▸ WORK TO COMPLETE:
Exactly as they stand, set down all of the records again.

▸ DATASET RECORDS:

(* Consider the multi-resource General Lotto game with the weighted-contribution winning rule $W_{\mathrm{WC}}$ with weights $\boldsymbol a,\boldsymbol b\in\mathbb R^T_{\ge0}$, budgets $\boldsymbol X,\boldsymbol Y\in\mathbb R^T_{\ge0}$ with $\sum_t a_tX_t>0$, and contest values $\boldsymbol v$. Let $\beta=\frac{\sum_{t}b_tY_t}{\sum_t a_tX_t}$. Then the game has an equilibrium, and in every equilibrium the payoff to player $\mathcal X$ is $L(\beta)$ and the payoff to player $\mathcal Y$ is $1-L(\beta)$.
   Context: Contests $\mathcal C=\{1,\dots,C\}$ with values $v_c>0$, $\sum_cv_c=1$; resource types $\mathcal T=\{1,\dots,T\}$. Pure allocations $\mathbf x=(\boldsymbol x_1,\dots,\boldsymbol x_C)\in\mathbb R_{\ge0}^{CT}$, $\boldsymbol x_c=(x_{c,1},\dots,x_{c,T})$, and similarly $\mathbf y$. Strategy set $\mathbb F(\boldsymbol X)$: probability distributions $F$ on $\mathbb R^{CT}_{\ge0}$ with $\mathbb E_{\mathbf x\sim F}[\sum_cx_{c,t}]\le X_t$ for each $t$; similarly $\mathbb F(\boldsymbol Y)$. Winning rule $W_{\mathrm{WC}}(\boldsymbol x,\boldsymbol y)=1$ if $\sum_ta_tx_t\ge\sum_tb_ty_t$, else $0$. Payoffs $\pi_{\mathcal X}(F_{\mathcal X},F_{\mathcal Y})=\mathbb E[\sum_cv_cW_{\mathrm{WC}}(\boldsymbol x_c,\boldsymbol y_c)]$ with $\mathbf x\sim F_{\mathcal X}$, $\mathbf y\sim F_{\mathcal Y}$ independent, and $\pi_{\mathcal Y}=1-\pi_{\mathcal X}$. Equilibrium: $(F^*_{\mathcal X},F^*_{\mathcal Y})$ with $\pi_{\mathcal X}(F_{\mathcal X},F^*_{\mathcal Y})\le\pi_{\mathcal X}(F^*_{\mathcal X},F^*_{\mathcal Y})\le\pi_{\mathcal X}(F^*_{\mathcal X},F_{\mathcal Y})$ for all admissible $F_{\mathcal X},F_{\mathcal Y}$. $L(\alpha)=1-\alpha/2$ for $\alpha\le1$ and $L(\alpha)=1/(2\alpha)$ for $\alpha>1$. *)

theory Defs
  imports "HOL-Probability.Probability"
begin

▸ EXPECTED ANSWER:
(* Consider the multi-resource General Lotto game with the weighted-contribution winning rule $W_{\mathrm{WC}}$ with weights $\boldsymbol a,\boldsymbol b\in\mathbb R^T_{\ge0}$, budgets $\boldsymbol X,\boldsymbol Y\in\mathbb R^T_{\ge0}$ with $\sum_t a_tX_t>0$, and contest values $\boldsymbol v$. Let $\beta=\frac{\sum_{t}b_tY_t}{\sum_t a_tX_t}$. Then the game has an equilibrium, and in every equilibrium the payoff to player $\mathcal X$ is $L(\beta)$ and the payoff to player $\mathcal Y$ is $1-L(\beta)$.
   Context: Contests $\mathcal C=\{1,\dots,C\}$ with values $v_c>0$, $\sum_cv_c=1$; resource types $\mathcal T=\{1,\dots,T\}$. Pure allocations $\mathbf x=(\boldsymbol x_1,\dots,\boldsymbol x_C)\in\mathbb R_{\ge0}^{CT}$, $\boldsymbol x_c=(x_{c,1},\dots,x_{c,T})$, and similarly $\mathbf y$. Strategy set $\mathbb F(\boldsymbol X)$: probability distributions $F$ on $\mathbb R^{CT}_{\ge0}$ with $\mathbb E_{\mathbf x\sim F}[\sum_cx_{c,t}]\le X_t$ for each $t$; similarly $\mathbb F(\boldsymbol Y)$. Winning rule $W_{\mathrm{WC}}(\boldsymbol x,\boldsymbol y)=1$ if $\sum_ta_tx_t\ge\sum_tb_ty_t$, else $0$. Payoffs $\pi_{\mathcal X}(F_{\mathcal X},F_{\mathcal Y})=\mathbb E[\sum_cv_cW_{\mathrm{WC}}(\boldsymbol x_c,\boldsymbol y_c)]$ with $\mathbf x\sim F_{\mathcal X}$, $\mathbf y\sim F_{\mathcal Y}$ independent, and $\pi_{\mathcal Y}=1-\pi_{\mathcal X}$. Equilibrium: $(F^*_{\mathcal X},F^*_{\mathcal Y})$ with $\pi_{\mathcal X}(F_{\mathcal X},F^*_{\mathcal Y})\le\pi_{\mathcal X}(F^*_{\mathcal X},F^*_{\mathcal Y})\le\pi_{\mathcal X}(F^*_{\mathcal X},F_{\mathcal Y})$ for all admissible $F_{\mathcal X},F_{\mathcal Y}$. $L(\alpha)=1-\alpha/2$ for $\alpha\le1$ and $L(\alpha)=1/(2\alpha)$ for $\alpha>1$. *)

theory Defs
  imports "HOL-Probability.Probability"
begin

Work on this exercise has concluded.